I have tried to figure this out by reading through prior posts and threads, but I am still confused. My husband is Japanese and I am American. We will be buying a house in France, probably jointly with unequal interests reflecting our respective contributions. I am going to get tax advice before we finalize anything, but I think this will be the best way - his portion would be subject to Japanese taxes and mine would be subject to US taxes (as well as French taxes, of course). At what point do we need a bank account in France? It seems that we can probably pay the down payment from our accounts in Japan, but I understand we will need a French account for the closing? I wonder if we can use a joint account so long as we document our respective contributions to the purchase price. I think he will have an easier time opening an account because he is Japanese and does not have to deal with the FATCA issues, etc Perhaps we could even start with one account under his name.
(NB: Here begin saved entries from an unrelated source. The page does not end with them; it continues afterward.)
(* Consider the two-player treatment model described in the context, and suppose that: (a) (strategic complementarity) $P_j^1-P_j^0>0$ almost surely for $j=1,2$; (b) $P_j^0,P_j^1$ ($j=1,2$) are identified, and the conditional CDF $H(v_1,v_2\mid x)$ and density $h(v_1,v_2\mid x)$ of $V=(V_1,V_2)$ given $X=x$ are identified (known); (c) for all $(d_1,d_2)\in\{0,1\}^2$, the instruments $Z=(Z_1,Z_2)$ are excluded from the structural functions $\mu_j^{(d_1,d_2)}$ and are independent of $(\varepsilon,U^{(d_1,d_2)})$ given $X$; and (d) for $j=1,2$, $Z_j$ contains a player-specific continuous variable such that $\pi_j^0(W_j)$ and $\pi_j^1(W_j)$ are non-degenerate and continuously distributed given $X$. Fix $x$. If $m^{(1,0)}(x,v_1,v_2)$, $m^{(0,1)}(x,v_1,v_2)$ and $h(v_1,v_2\mid x)$ are continuous in $(v_1,v_2)$, then $$m^{(1,0)}(x,p_1^0,p_2^1)=-\frac{1}{h(p_1^0,p_2^1\mid x)}\frac{\partial^2\psi^{(1,0)}(x,p_1^0,p_2^1)}{\partial p_1^0\,\partial p_2^1}\quad\text{for }(p_1^0,p_2^1)\in\operatorname{supp}[P_1^0,P_2^1\mid X=x,D=(1,0)],$$ $$m^{(0,1)}(x,p_1^1,p_2^0)=-\frac{1}{h(p_1^1,p_2^0\mid x)}\frac{\partial^2\psi^{(0,1)}(x,p_1^1,p_2^0)}{\partial p_1^1\,\partial p_2^0}\quad\text{for }(p_1^1,p_2^0)\in\operatorname{supp}[P_1^1,P_2^0\mid X=x,D=(0,1)],$$ so that these marginal treatment response functions are identified.
   Context: Two players $j\in\{1,2\}$ ($-j$ denotes the partner). Each has binary treatment $D_j\in\{0,1\}$; $D=(D_1,D_2)$. Potential outcomes $Y_j^{(d_j,d_{-j})}=\mu_j^{(d_j,d_{-j})}(X_j,U_j^{(d_j,d_{-j})})$ with observed covariates $X_j$, scalar unobservables $U_j^{(d_j,d_{-j})}$ and unknown functions $\mu_j^{(d_j,d_{-j})}$; observed outcome $Y_1=\sum_{d_1,d_2\in\{0,1\}}I^{(d_1,d_2)}Y_1^{(d_1,d_2)}$, where $I^{(d_1,d_2)}=\mathbf 1\{(D_1,D_2)=(d_1,d_2)\}$. Let $X=(X_1,X_2)$, $W_j=(X_j^\top,Z_j^\top)^\top$ with instruments $Z_j$, $\varepsilon=(\varepsilon_1,\varepsilon_2)$ continuously distributed, and $U^{(d_1,d_2)}=(U_1^{(d_1,d_2)},U_2^{(d_2,d_1)})$. Treatment decisions satisfy $D_j=\mathbf 1\{\pi_j(D_{-j},W_j)\ge\varepsilon_j\}$ for unknown $\pi_j$; write $\pi_j^d(\cdot)=\pi_j(d,\cdot)$. Define $V_j=F_{\varepsilon_j}(\varepsilon_j\mid X)$, $P_j^0=F_{\varepsilon_j}(\pi_j^0(W_j)\mid X)$, $P_j^1=F_{\varepsilon_j}(\pi_j^1(W_j)\mid X)$, with $F_{\varepsilon_j}(\cdot\mid X)$ the conditional CDF of $\varepsilon_j$ given $X$ (so $V_j\sim$ Uniform$[0,1]$ given $X$). Then $D_j=\mathbf 1\{P_j^0+D_{-j}(P_j^1-P_j^0)\ge V_j\}$, i.e. the realized $D$ is a pure-strategy Nash equilibrium of the complete-information game with payoffs $u_j(d_j,d_{-j})=d_j(P_j^0+d_{-j}(P_j^1-P_j^0)-V_j)$. Under complementarity this gives: $D=(1,0)\iff V_1\le P_1^0,\ V_2>P_2^1$; $D=(0,1)\iff V_1>P_1^1,\ V_2\le P_2^0$; $D=(1,1)\Rightarrow V_1\le P_1^1,\ V_2\le P_2^1$; $D=(0,0)\Rightarrow V_1>P_1^0,\ V_2>P_2^0$. Marginal treatment response (MTR) function: $m^{(d_1,d_2)}(x,p_1,p_2)=E[Y_1^{(d_1,d_2)}\mid X=x,V_1=p_1,V_2=p_2]$. Also $\psi^{(1,0)}(x,p_1^0,p_2^1)=E[I^{(1,0)}Y_1\mid X=x,P_1^0=p_1^0,P_2^1=p_2^1]$ and $\psi^{(0,1)}(x,p_1^1,p_2^0)=E[I^{(0,1)}Y_1\mid X=x,P_1^1=p_1^1,P_2^0=p_2^0]$, which are identified from the data. *)

theory Defs
  imports "HOL-Probability.Probability"
begin

text \<open>Everything is formulated conditionally on \<open>X = x\<close> for the fixed value \<open>x\<close>:
  the probability space \<open>M\<close> is the conditional law given \<open>X = x\<close>.\<close>

definition cond_exp_version ::
  "'a measure \<Rightarrow> ('a \<Rightarrow> real \<times> real) \<Rightarrow> ('a \<Rightarrow> real) \<Rightarrow> (real \<times> real \<Rightarrow> real) \<Rightarrow> bool" where
  "cond_exp_version M Q f g \<longleftrightarrow>
     g \<in> borel_measurable borel \<and> integrable M (\<lambda>\<omega>. g (Q \<omega>)) \<and>
     (\<forall>A \<in> sets borel. (\<integral>\<omega>. f \<omega> * indicator A (Q \<omega>) \<partial>M) = (\<integral>\<omega>. g (Q \<omega>) * indicator A (Q \<omega>) \<partial>M))"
But if we need to have a joint account or if I need my own account, we may run into the FATCA/banks don't want to open accounts for Americans problem. (I am paranoid about this since Citibank forced me to give up my last account in the States for the same reason. Now I have only a Fidelity brokerage account in the US and a couple of accounts in Japan, as well as a Wise account.) We will probably close on the house before we actually move to France, so it won't be possible to visit local banks for purposes of opening the account. Any recent wisdom on these issues would be very welcome.


----------



## Bevdeforges

OK - a couple of clarifications here. Generally speaking, when a married couple buys a house in France, they don't really get to decide the split on the ownership. It's based on the marital "regime" they are deemed to have, based on when and where their marriage took place (or if they have formally filed to change their regime since arriving in France). Without getting into all the details, most foreigners wind up being considered to be under some variation of "community property" - which means that all big purchases (like that of a residence) are considered to be the joint property of the couple, no matter who paid the down payment or is making the mortgage payments. The marital regime comes into play here in France when (and if) the couple divorces, or at the death of one or both of the partners because it's the regime that determines how the property is split and in the case of a death, who gets what.

As far as closing on a house before you move to France, you need to consider how you're going to be financing the deal. Many foreign (i.e. non-French) banks won't write a mortgage on "foreign" (to the bank) property. And the "usual" mortgage source of first resort here in France is generally your own bank - so difficult to come by until you are officially resident here with a documented source of income (job, pension, whatever). It's generally a good idea to plan on renting a place in France for the first year or two until you learn the area and the "peculiarities" of purchasing property here in France. (Besides, once you've found a place and had your offer accepted, you have to count on at least 3 months - often more - before the transaction closes.) You definitely will need a French bank account to rent a place - and while you're renting, house hunting and learning how things work in France, you'll be building a "relationship" with your bank (or banks) which always helps when it comes time to be looking for a mortgage.


----------